Abortion is Not About Female Empowerment, Which is Why the Pro-Life Movement is Driven by Women

National   |   Micaiah Bilger   |   Jan 22, 2016   |   10:51AM   |   Washington, DC

Today on the the 43rd anniversary of the U.S. Supreme Court decision Roe v. Wade, some of America’s top pro-life leaders have penned some poignant words about how the pro-life movement empowers women and their families.

This week, U.S. Rep. Diane Black, R-Tennessee, called out the abortion industry for betraying women’s trust in a column for Time magazine that she and Americans United for Life President Charmaine Yoest wrote. Black is one of the leading pro-life advocates in U.S. Congress. She has been one of the most vocal legislators in the fight to cut off taxpayer funding for the abortion business Planned Parenthood.

Black wrote:

Consider that, for 20 years, the pro-choice lobby has operated under the unofficial rallying cry of “safe, legal, and rare” abortion, yet just last fall the nation’s largest abortion provider—Planned Parenthood—tweeted a link to a story celebrating London’s “free and plentiful” abortions and birth control. Perhaps that is why Planned Parenthood, in a callous betrayal to women, has lobbied against informed consent laws across the country that would require full disclosure by a physician of the risks and side-effects of abortion.

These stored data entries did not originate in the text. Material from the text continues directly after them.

(* Let $C_{\max}(x)\in\arg\max_{C\in\mathcal I}p_C(x)$ (ties broken in favor of the larger weight $w(C)$), and set $D_G(x)=\mathbb 1\{T(x)\ge 1-\alpha\}$ and $C_G(x)=C_{\max}(x)$. Then $(D_G,C_G)$ is a feasible policy (i.e. $mFCR(D_G,C_G)\le\alpha$) that minimizes $G(D,C)$. Moreover, if $\mathbb P(T(X)>1-\alpha)=0$, then $(D_G,C_G)$ is an optimal solution of the problem of maximizing $\Pi(D,C)$ over all $D:\mathcal X\to\{0,1\}$, $C:\mathcal X\to\mathcal I$ subject to $mFCR(D,C)\le\alpha$.
   Context: Let $(X,Y)\sim P_{XY}$ on $\mathcal X\times\mathcal Y$, $\alpha\in(0,1)$, $\mathcal I$ a finite collection of subsets of $\mathcal Y$, $w:\mathcal I\to(0,B)$ a bounded positive weight. For $C\in\mathcal I$ let $p_C(x)=\mathbb P(Y\in C\mid X=x)$ and $T(x)=\max_{C\in\mathcal I}p_C(x)$. For $D:\mathcal X\to\{0,1\}$, $C:\mathcal X\to\mathcal I$: $\Pi(D,C)=\mathbb E[w(C(X))p_{C(X)}(X)D(X)]$, $G(D,C)=\mathbb E[(1-p_{C(X)}(X)-\alpha)D(X)]$, and $mFCR(D,C)=\frac{\mathbb E[\mathbb 1\{Y\notin C(X)\}D(X)]}{\mathbb E[D(X)]}$ with the convention that it is $0$ if $\mathbb E[D(X)]=0$. *)

theory Defs
  imports "HOL-Probability.Probability"
begin

text \<open>Expectations are taken w.r.t. the probability measure M on the sample space,
  X and Y being random variables with values in the measurable spaces MX and MY.
  p C x plays the role of P(Y in C | X = x).\<close>

definition Pi_obj :: "'a measure \<Rightarrow> ('a \<Rightarrow> 'x) \<Rightarrow> ('y set \<Rightarrow> real) \<Rightarrow> ('y set \<Rightarrow> 'x \<Rightarrow> real)
    \<Rightarrow> ('x \<Rightarrow> bool) \<Rightarrow> ('x \<Rightarrow> 'y set) \<Rightarrow> real" where
  "Pi_obj M X w p D C =
     (\<integral>\<omega>. w (C (X \<omega>)) * p (C (X \<omega>)) (X \<omega>) * of_bool (D (X \<omega>)) \<partial>M)"

definition G_obj :: "'a measure \<Rightarrow> ('a \<Rightarrow> 'x) \<Rightarrow> ('y set \<Rightarrow> 'x \<Rightarrow> real) \<Rightarrow> real
    \<Rightarrow> ('x \<Rightarrow> bool) \<Rightarrow> ('x \<Rightarrow> 'y set) \<Rightarrow> real" where
  "G_obj M X p \<alpha> D C =
     (\<integral>\<omega>. (1 - p (C (X \<omega>)) (X \<omega>) - \<alpha>) * of_bool (D (X \<omega>)) \<partial>M)"

definition mFCR :: "'a measure \<Rightarrow> ('a \<Rightarrow> 'x) \<Rightarrow> ('a \<Rightarrow> 'y)
    \<Rightarrow> ('x \<Rightarrow> bool) \<Rightarrow> ('x \<Rightarrow> 'y set) \<Rightarrow> real" where
  "mFCR M X Y D C =
     (let den = (\<integral>\<omega>. of_bool (D (X \<omega>)) \<partial>M) in
      if den = 0 then 0
      else (\<integral>\<omega>. of_bool (Y \<omega> \<notin> C (X \<omega>) \<and> D (X \<omega>)) \<partial>M) / den)"

definition policy :: "'x measure \<Rightarrow> 'y set set \<Rightarrow> ('x \<Rightarrow> bool) \<Rightarrow> ('x \<Rightarrow> 'y set) \<Rightarrow> bool" where
  "policy MX I D C \<longleftrightarrow> D \<in> measurable MX (count_space UNIV) \<and> C \<in> measurable MX (count_space I)"

definition Tmax :: "'y set set \<Rightarrow> ('y set \<Rightarrow> 'x \<Rightarrow> real) \<Rightarrow> 'x \<Rightarrow> real" where
  "Tmax I p x = Max ((\<lambda>C. p C x) ` I)"

end

theory Submission
  imports Defs
begin

text \<open>By the tower property the expected number of false coverages of a policy \<open>(D, C)\<close>
  is \<open>E[(1 - p_{C(X)}(X)) D(X)]\<close>, so \<open>mFCR(D, C) \<le> \<alpha>\<close> is equivalent to \<open>G(D, C) \<le> 0\<close>.
  The integrand \<open>(1 - p_{C(X)}(X) - \<alpha>) D(X)\<close> of \<open>G\<close> is minimised pointwise by predicting a
  maximiser of \<open>p\<close> and selecting exactly where \<open>T(X) \<ge> 1 - \<alpha>\<close>, which gives feasibility and
  \<open>G\<close>-optimality of the greedy policy. If \<open>T(X) \<le> 1 - \<alpha>\<close> almost surely, the \<open>G\<close>-integrand
  of every policy is almost surely nonnegative, so for a feasible policy it vanishes almost
  surely: such a policy selects only where \<open>p_{C(X)}(X) = T(X) = 1 - \<alpha>\<close>, and there the
  tie-breaking rule gives \<open>w(C(X)) \<le> w(C_max(X))\<close>.\<close>

lemma Tmax_ge: "finite I \<Longrightarrow> c \<in> I \<Longrightarrow> p c x \<le> Tmax I p x"
  unfolding Tmax_def by (intro Max_ge) auto

lemma borel_measurable_Tmax:
  "finite I \<Longrightarrow> (\<And>c. c \<in> I \<Longrightarrow> p c \<in> borel_measurable M) \<Longrightarrow> Tmax I p \<in> borel_measurable M"
  unfolding Tmax_def[abs_def] by (rule borel_measurable_Max)

lemma (in finite_measure) integrable_bounded_real:
  fixes f :: "'a \<Rightarrow> real"
  assumes "f \<in> borel_measurable M" "\<And>\<omega>. \<omega> \<in> space M \<Longrightarrow> \<bar>f \<omega>\<bar> \<le> K"
  shows "integrable M f"
  using assms by (intro integrable_const_bound[where B=K]) (auto intro!: AE_I2)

We also oppose abortion because we are willing to look at the facts that the abortion lobby continues to ignore. For example, we know that premature babies have now been saved as early as 22 weeks into fetal development, that the U.S. remains one of only seven nations to allow elective, late-term abortions, and that abortions worldwide disproportionately discriminate against baby girls.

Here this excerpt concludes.